He recognized the uniformed lobby attendant. “Peachpit,” he said, and the man nodded in recognition—not of Keller but of Keller’s purpose. “Seven,” he said, and Keller went over and waited for the elevator.
Peachpit Auction Galleries was a cut or two above Stampazine. Keller had never visited them during his New York years, but after he was settled in New Orleans an ad in Linn’s Stamp News sent him to the Peachpit website. He bid on a couple of lots—unsuccessfully; someone else outbid him—but, having registered, he began to receive their catalogs several times a year. They were magnificently printed, with a color photograph of every lot, and he always found an abundance of choice material.
There was a way to bid online in real time, during the actual floor auction, and he’d planned on doing so but always seemed to be at work during their midweek auctions. Then a few months ago he’d had the day off—he and Donny had the whole week off, actually, although they’d have preferred it otherwise. And he remembered the Peachpit sale, and logged on and went through what you had to go through to bid, and he found the whole process impossibly nerve-racking. An auction was anxiety-ridden anyway, but when you showed up in person you could at least see what was going on, and know that the guy with the gavel could see you in return. Online, well, he supposed a person could get the hang of it, but he hadn’t, and wasn’t inclined to try again.
Then, a couple of weeks ago, Julia and Jenny walked into his upstairs office—Daddy’s Stamp Room—to find him shaking his head over the new Peachpit catalog. Julia asked what was the matter.
“Oh, this,” he said, tapping the catalog. “There are some lots I’d like to buy. ”
“So?
“Well, the sale’s in New York. ”
“Oh,” she said.
“Daddy ’tamps,” said Jenny.
“Yes, Daddy’s stamps,” Keller said, and picked up his daughter and set her on his lap. “See?” he said, pointing at a picture in the catalog, a German Colonial issue from Kiauchau showing the kaiser’s yacht, Hohenzollern. “Kiauchau,” he told Jenny, “was an area of two hundred square miles in southeast China. The Germans grabbed it in 1897, and then made arrangements to lease it from China. I don’t imagine the Chinese had a lot of choice in the matter. Isn’t that a pretty stamp?”
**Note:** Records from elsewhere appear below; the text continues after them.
(* Let $g$ be analytic, univalent and convex in $\mathbb{D}$ (i.e. $g$ maps $\mathbb{D}$ one-to-one onto a convex domain), and let $f(z)=\sum_{n=0}^\infty a_n z^n$ be analytic in $\mathbb{D}$ with $f\prec g$. Let $\lambda=\operatorname{dist}(g(0),\partial g(\mathbb{D}))$ and assume $\lambda\le 1$. For $0\le r<1$ define $$T_f(r)=\sum_{n=1}^\infty |a_n|r^n+\left(\frac{1}{2-\lambda}+\frac{r}{1-r}\right)\sum_{n=1}^\infty|a_n|^2r^{2n}.$$ Then $T_f(r)\le\lambda$ for all $0\le r\le r_*$, where $r_*\approx0.24683$ is the unique root of $3r^3-5r^2-3r+1=0$ in $(0,1)$. Moreover, for any $\lambda\in(0,1)$ there is a uniquely defined $r_0\in\left(r_*,\tfrac13\right)$, namely the solution in this interval of $$4r^3\lambda^2-(7r^3+3r^2-3r+1)\lambda+6r^3-2r^2-6r+2=0,$$ such that $T_f(r)\le\lambda$ for all $r\in[0,r_0]$.
   Context: $\mathbb{D}$ is the open unit disk; $\operatorname{dist}(c,\partial\Omega)$ is the Euclidean distance from $c$ to the boundary of $\Omega$. $f\prec g$ means there is an analytic $\omega:\mathbb{D}\to\mathbb{D}$ with $\omega(0)=0$ and $f=g\circ\omega$. *)

theory Defs
  imports "HOL-Complex_Analysis.Complex_Analysis"
begin

definition subordinate :: "(complex \<Rightarrow> complex) \<Rightarrow> (complex \<Rightarrow> complex) \<Rightarrow> bool" where
  "subordinate f g \<longleftrightarrow>
     (\<exists>\<omega>. \<omega> holomorphic_on ball 0 1 \<and> \<omega> ` ball 0 1 \<subseteq> ball 0 1 \<and> \<omega> 0 = 0 \<and>
          (\<forall>z\<in>ball 0 1. f z = g (\<omega> z)))"

definition T_f :: "(nat \<Rightarrow> complex) \<Rightarrow> real \<Rightarrow> real \<Rightarrow> real" where
  "T_f a lam r =
     (\<Sum>n. norm (a (Suc n)) * r ^ Suc n)
     + (1 / (2 - lam) + r / (1 - r)) * (\<Sum>n. (norm (a (Suc n)))\<^sup>2 * r ^ (2 * Suc n))"

definition r_star :: real where
  "r_star = (THE r. 0 < r \<and> r < 1 \<and> 3 * r ^ 3 - 5 * r ^ 2 - 3 * r + 1 = 0)"

end

theory Submission
  imports Defs
begin

text \<open>
  Let \<Omega> = g(\<bbbD>) and let w be a boundary point of \<Omega> nearest to g(0), so that |g(0) - w| = \<lambda>.
  Since \<Omega> is convex, it lies in a half-plane Re(conj v (\<zeta> - w)) \<ge> 0, and f(\<bbbD>) \<subseteq> \<Omega>; hence
  conj v (f - w) has nonnegative real part and Caratheodory's inequality |c_n| \<le> 2 Re c_0 gives
  |a_n| \<le> 2 \<lambda> for n \<ge> 1. Summing geometric series then bounds T_f(r) by \<lambda> \<psi>(\<lambda>, r), where
  \<psi> is increasing in both variables; clearing denominators in \<psi>(\<lambda>, r) = 1 gives the polynomial
  equations of the statement (the cubic is the case \<lambda> = 1), so r_* and r_0 are the radii
  where \<psi>(1, \<cdot>) and \<psi>(\<lambda>, \<cdot>) reach 1.

  Caratheodory's inequality is proved without integration: averaging the values on the circle of
  radius r at the N-th roots of unity against powers of a root of unity isolates the coefficients
  whose indices are congruent to 0 or \<plusminus>n modulo N, positivity of the real part bounds this
  filtered combination, and the aliased coefficients of index at least N - n vanish as N \<rightarrow> \<infinity>.
\<close>

section \<open>Caratheodory's coefficient inequality\<close>

definition unity_root :: "nat \<Rightarrow> complex" where
  "unity_root N = exp (2 * of_real pi * \<i> / of_nat N)"

lemma norm_unity_root [simp]: "norm (unity_root N) = 1"
  by (simp add: unity_root_def)

lemma unity_root_pow_eq_1_iff: "N > 0 \<Longrightarrow> unity_root N ^ m = 1 \<longleftrightarrow> N dvd m"
  unfolding unity_root_def exp_of_nat_mult[symmetric]
  using complex_root_unity_eq_1[of N m] by (simp add: field_simps)

lemma sum_unity_root_powers:
  assumes "N > 0"
  shows "(\<Sum>j<N. unity_root N ^ (j * m)) = (if N dvd m then of_nat N else 0)"
proof -
  let ?w = "unity_root N ^ m"
  have "(\<Sum>j<N. unity_root N ^ (j * m)) = (\<Sum>j<N. ?w ^ j)"
    by (simp add: mult.commute flip: power_mult)
  also have "\<dots> = (if ?w = 1 then of_nat N else (1 - ?w ^ N) / (1 - ?w))"
    by (rule sum_gp_strict)
  also have "?w ^ N = 1"
    using unity_root_pow_eq_1_iff[OF assms, of "m * N"] by (simp add: power_mult)
  finally show ?thesis
    using unity_root_pow_eq_1_iff[OF assms] by simp
qed

lemma cnj_unity_root_pow:
  assumes "k \<le> N" "N > 0"
  shows "cnj (unity_root N ^ (j * k)) = unity_root N ^ (j * (N - k))"
proof -
  let ?w = "unity_root N ^ (j * k)" and ?v = "unity_root N ^ (j * (N - k))"
  have "j * (N - k) + j * k = j * (N - k + k)"
    by (simp only: add_mult_distrib2)
  then have "j * (N - k) + j * k = N * j"
    using assms by simp
  then have "?v * ?w = (unity_root N ^ N) ^ j"
    by (simp flip: power_add power_mult)
  also have "\<dots> = 1"
    using unity_root_pow_eq_1_iff[OF assms(2), of N] by simp
  finally have v: "?v * ?w = 1" .
  have w: "cnj ?w * ?w = 1"
    using complex_norm_square[of ?w] by (simp add: norm_power mult.commute)
  have "cnj ?w = cnj ?w * (?v * ?w)"
    using v by simp
  also have "\<dots> = ?v * (cnj ?w * ?w)"
    by (simp only: mult_ac)
  finally show ?thesis
    by (simp only: w mult_1_right)
qed

lemma norm_suminf_le_tail:
  fixes b h :: "nat \<Rightarrow> 'a::banach"
  assumes b: "summable (\<lambda>k. norm (b k))"
    and le: "\<And>k. norm (h k) \<le> norm (b k)" and zero: "\<And>k. k < M \<Longrightarrow> h k = 0"
  shows "norm (suminf h) \<le> (\<Sum>k. norm (b (k + M)))"
proof -
  have h: "summable (\<lambda>k. norm (h k))"
    by (rule summable_comparison_test'[OF b]) (simp add: le)
  have "suminf h = (\<Sum>k. h (k + M))"
    using suminf_split_initial_segment[OF summable_norm_cancel[OF h], of M] zero by simp
  also have "norm \<dots> \<le> (\<Sum>k. norm (h (k + M)))"
    by (rule summable_norm) (rule summable_ignore_initial_segment[OF h])
  also have "\<dots> \<le> (\<Sum>k. norm (b (k + M)))"
    by (intro suminf_le le summable_ignore_initial_segment h b)
  finally show ?thesis .
qed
“Pity ’tamp,” Jenny said, and there the matter lay.
Until the phone rang two days later. It was Dot, calling from Sedona, and the first thing she did was apologize for calling at all.
“I told myself I’d just call to see how you’re doing,” she said, “and to find out the latest cute thing Jenny said, but you know something, Keller? I’m too damn old to start fooling myself. ”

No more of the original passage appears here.